__TASK GOAL__.
Within the material below, filter for lines that hold the word "assumes".

__PROVIDED INFORMATION__.
lemma norm_Phi'_diff_le:
  assumes "y1 \<in> Psi ` cball 0 p" "y2 \<in> Psi ` cball 0 p"
  shows "norm (Phi' y1 - Phi' y2) \<le> C / (a - c) powr (2 + \<delta>) * norm (y1 - y2) powr \<delta>"
proof -
  define v1 v2 where "v1 = Phi y1" and "v2 = Phi y2"
  have v: "v1 \<in> cball 0 p" "v2 \<in> cball 0 p" using Phi_in_cball assms by (auto simp: v1_def v2_def)
  have "norm (Phi' y1 - Phi' y2) \<le> norm (Phi' y1) * norm ((L + h' v2) - (L + h' v1)) * norm (Phi' y2)"
    unfolding Phi'_def v1_def v2_def
    by (intro norm_diff_inverses_le blinfun_inv_left[OF gap_pos] blinfun_inv_right[OF gap_pos]
        derivative_bounded_below Phi_in_cball assms)
  also have "\<dots> \<le> 1 / (a - c) * (C * norm (v2 - v1) powr \<delta>) * (1 / (a - c))"
    using norm_Phi'_le[OF assms(1)] norm_Phi'_le[OF assms(2)] h'_hoelder[OF v(2,1)] gap_pos nonneg
    by (intro mult_mono) auto
  also have "\<dots> \<le> 1 / (a - c) * (C * (norm (y1 - y2) / (a - c)) powr \<delta>) * (1 / (a - c))"
    using norm_Phi_diff_le[OF assms(2,1)] gap_pos nonneg
    by (intro mult_right_mono mult_left_mono powr_mono2) (auto simp: v1_def v2_def norm_minus_commute)
  also have "\<dots> = C / (a - c) powr (2 + \<delta>) * norm (y1 - y2) powr \<delta>"
    using gap_pos by (simp add: powr_divide powr_add field_simps power2_eq_square)
  finally show ?thesis .
qed

lemma c0_norm_Phi'_le: "c0_norm (Psi ` cball 0 p) Phi' \<le> ennreal (1 / (a - c))"
  by (rule c0_norm_leI) (rule norm_Phi'_le)

lemma hol_Phi'_le: "hol \<delta> (Psi ` cball 0 p) Phi' \<le> ennreal (C / (a - c) powr (2 + \<delta>))"
  by (rule hol_leI) (rule norm_Phi'_diff_le)

lemma norm_Phi_zero_le:
  assumes "0 \<in> Psi ` cball 0 p"
  shows "norm (Phi 0) \<le> norm (h 0) / (a - c)"
proof -
  have "0 \<in> cball (0::'a) p" using nonneg by simp
  then have "Phi (Psi 0) = 0" "Psi 0 \<in> Psi ` cball 0 p" by (rule Phi_Psi, rule imageI)
  then show ?thesis using norm_Phi_diff_le[OF assms \<open>Psi 0 \<in> Psi ` cball 0 p\<close>] by simp
qed

lemma norm_inverse_L_le: "norm (blinfun_inv L z) \<le> norm z / a"
proof -
  have "0 < a" using gap_pos nonneg by simp
  then show ?thesis
    using norm_blinfun[of "blinfun_inv L" z] norm_blinfun_inv_le[OF \<open>0 < a\<close> expanding]
      mult_right_mono[of "norm (blinfun_inv L)" "1 / a" "norm z"]
    by simp
qed

text \<open>A point \<open>y\<close> is attained as the fixed point of the contraction \<open>v \<mapsto> L\<^sup>-\<^sup>1 (y - h v)\<close>.\<close>
lemma cball_subset_image_Psi:
  assumes "R + norm (h 0) + c * p \<le> a * p"
  shows "cball 0 R \<subseteq> Psi ` cball 0 p"
proof
  fix y :: 'a assume y: "y \<in> cball 0 R"
  have "0 < a" using gap_pos nonneg by simp
  have "0 \<in> cball (0::'a) p" using nonneg by simp
  define T where "T v = blinfun_inv L (y - h v)" for v
  have "T ` cball 0 p \<subseteq> cball 0 p"
  proof clarify
    fix v :: 'a assume v: "v \<in> cball 0 p"
    have "norm (y - h v) \<le> R + norm (h 0) + c * p"
      using y h_lipschitz[OF v \<open>0 \<in> cball 0 p\<close>] mult_left_mono[of "norm v" p c] v nonneg
        norm_triangle_ineq4[of y "h v"] norm_triangle_ineq2[of "h v" "h 0"]
      by simp
    with assms \<open>0 < a\<close> have "norm (y - h v) / a \<le> p"
      by (simp add: pos_divide_le_eq mult.commute)
    with norm_inverse_L_le[of "y - h v"] show "T v \<in> cball 0 p" by (simp add: T_def)
  qed
  moreover have "dist (T v) (T w) \<le> c / a * dist v w" if "v \<in> cball 0 p" "w \<in> cball 0 p" for v w
  proof -
    have "dist (T v) (T w) \<le> norm (h w - h v) / a"
      using norm_inverse_L_le[of "h w - h v"] by (simp add: T_def dist_norm blinfun.diff_right)
    also have "\<dots> \<le> c * norm (w - v) / a"
      using h_lipschitz[OF that(2,1)] \<open>0 < a\<close> by (simp add: divide_right_mono)
    finally show ?thesis by (simp add: dist_norm norm_minus_commute)
  qed
  ultimately obtain v where v: "v \<in> cball 0 p" "T v = v"
    using Banach_fix[of "cball 0 p" "c / a" T] \<open>0 \<in> cball 0 p\<close> c_less_a nonneg \<open>0 < a\<close>
    by (auto simp: complete_eq_closed)
  then have "Psi v = y"
    using blinfun_inv_right[OF \<open>0 < a\<close> expanding, of "y - h v"] by (simp add: T_def)
  with v(1) show "y \<in> Psi ` cball 0 p" by blast
qed
(* Let $A$ be a set, $T=A^*$, $Y$ a semilattice and $\cdot$ a left partial action of $T$ on $Y$ satisfying axioms (A), (B), (C) which is a partially defined action, with reverse right partial action $\circ$. Let $\sim$ and $\approx$ be the equivalence relations on $Y\times T$ defined in the context. Then: (1) every $\sim$-class $B$ contains a unique element $(x,w)$ (called canonical) with $|w|=\min\{|u|\colon (y,u)\in B\}$; moreover, if $(x,w)$ is canonical and $(y,u)\sim(x,w)$, then $x\circ t$ is defined and $(y,u)=(x\circ t,wt)$ for some $t\in A^*$; (2) the equivalences $\sim$ and $\approx$ on $Y\times T$ coincide.
   Context: $A^*$ is the free monoid on $A$ and $|w|$ is the length of the word $w$ (the empty word has length $0$). A left partial action of $T$ on $Y$: $1\cdot y=y$ always defined; if $t\cdot y$, $s\cdot(t\cdot y)$ are defined then $(st)\cdot y$ is defined and equals it. With $\varphi_t\colon y\mapsto t\cdot y$: (A) $\mathrm{dom}\varphi_t$, $\mathrm{ran}\varphi_t$ are order ideals; (B) $\varphi_t$ is an order-isomorphism between them; (C) $\mathrm{dom}\varphi_t\ne\varnothing$. It is a partially defined action if $(st)\cdot x$ is defined iff $t\cdot x$ and $s\cdot(t\cdot x)$ are defined. Reverse: $y\circ t$ defined iff $y\in\mathrm{ran}\varphi_t$, and $y\circ t=\varphi_t^{-1}(y)$. For $(x,s),(y,t)\in Y\times T$ put $(x,s)\to(y,t)$ if there is $p\in T$ with $s=tp$, $p\cdot x$ defined and $p\cdot x=y$. Let $\sim$ be the equivalence relation generated by $\to$, with classes $[x,s]_\sim$. On $(Y\times T)/\!\sim$ set $C\ge D$ if there are $(x,s)\in C$ and $(y,s)\in D$ with $x\ge y$ (a preorder). Let $(x,s)\approx(y,t)$ iff $[x,s]_\sim\le[y,t]_\sim$ and $[y,t]_\sim\le[x,s]_\sim$. *)

theory Defs
  imports Main
begin

text \<open>A left partial action of T = A* on Y is a map
  act :: 'a list => 'y => 'y option, where act t y = Some z means that t . y is defined
  and equals z.\<close>

definition order_ideal :: "'y::order set \<Rightarrow> bool" where
  "order_ideal S \<longleftrightarrow> (\<forall>x\<in>S. \<forall>y. y \<le> x \<longrightarrow> y \<in> S)"

definition pdom :: "('a list \<Rightarrow> 'y \<Rightarrow> 'y option) \<Rightarrow> 'a list \<Rightarrow> 'y set" where
  "pdom act t = {y. act t y \<noteq> None}"

definition pran :: "('a list \<Rightarrow> 'y \<Rightarrow> 'y option) \<Rightarrow> 'a list \<Rightarrow> 'y set" where
  "pran act t = {z. \<exists>y. act t y = Some z}"

definition left_partial_action :: "('a list \<Rightarrow> 'y \<Rightarrow> 'y option) \<Rightarrow> bool" where
  "left_partial_action act \<longleftrightarrow>
     (\<forall>y. act [] y = Some y) \<and>
     (\<forall>s t y z w. act t y = Some z \<longrightarrow> act s z = Some w \<longrightarrow> act (s @ t) y = Some w)"

definition axioms_ABC :: "('a list \<Rightarrow> 'y::semilattice_inf \<Rightarrow> 'y option) \<Rightarrow> bool" where
  "axioms_ABC act \<longleftrightarrow>
     (\<forall>t. order_ideal (pdom act t) \<and> order_ideal (pran act t)) \<and>
     (\<forall>t. bij_betw (\<lambda>y. the (act t y)) (pdom act t) (pran act t) \<and>
          (\<forall>x\<in>pdom act t. \<forall>y\<in>pdom act t. x \<le> y \<longleftrightarrow> the (act t x) \<le> the (act t y))) \<and>
     (\<forall>t. pdom act t \<noteq> {})"

definition partially_defined_action :: "('a list \<Rightarrow> 'y \<Rightarrow> 'y option) \<Rightarrow> bool" where
  "partially_defined_action act \<longleftrightarrow>
     (\<forall>s t x. act (s @ t) x \<noteq> None \<longleftrightarrow>
        (\<exists>z. act t x = Some z \<and> act s z \<noteq> None))"

definition rev_act :: "('a list \<Rightarrow> 'y \<Rightarrow> 'y option) \<Rightarrow> 'y \<Rightarrow> 'a list \<Rightarrow> 'y option" where
  "rev_act act y t = (if y \<in> pran act t then Some (THE x. act t x = Some y) else None)"

definition step_rel :: "('a list \<Rightarrow> 'y \<Rightarrow> 'y option) \<Rightarrow> 'y \<times> 'a list \<Rightarrow> 'y \<times> 'a list \<Rightarrow> bool" where
  "step_rel act P Q \<longleftrightarrow> (\<exists>p. snd P = snd Q @ p \<and> act p (fst P) = Some (fst Q))"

__RESPONSE AREA__.
  assumes "y1 \<in> Psi ` cball 0 p" "y2 \<in> Psi ` cball 0 p"
  assumes "0 \<in> Psi ` cball 0 p"
  assumes "R + norm (h 0) + c * p \<le> a * p"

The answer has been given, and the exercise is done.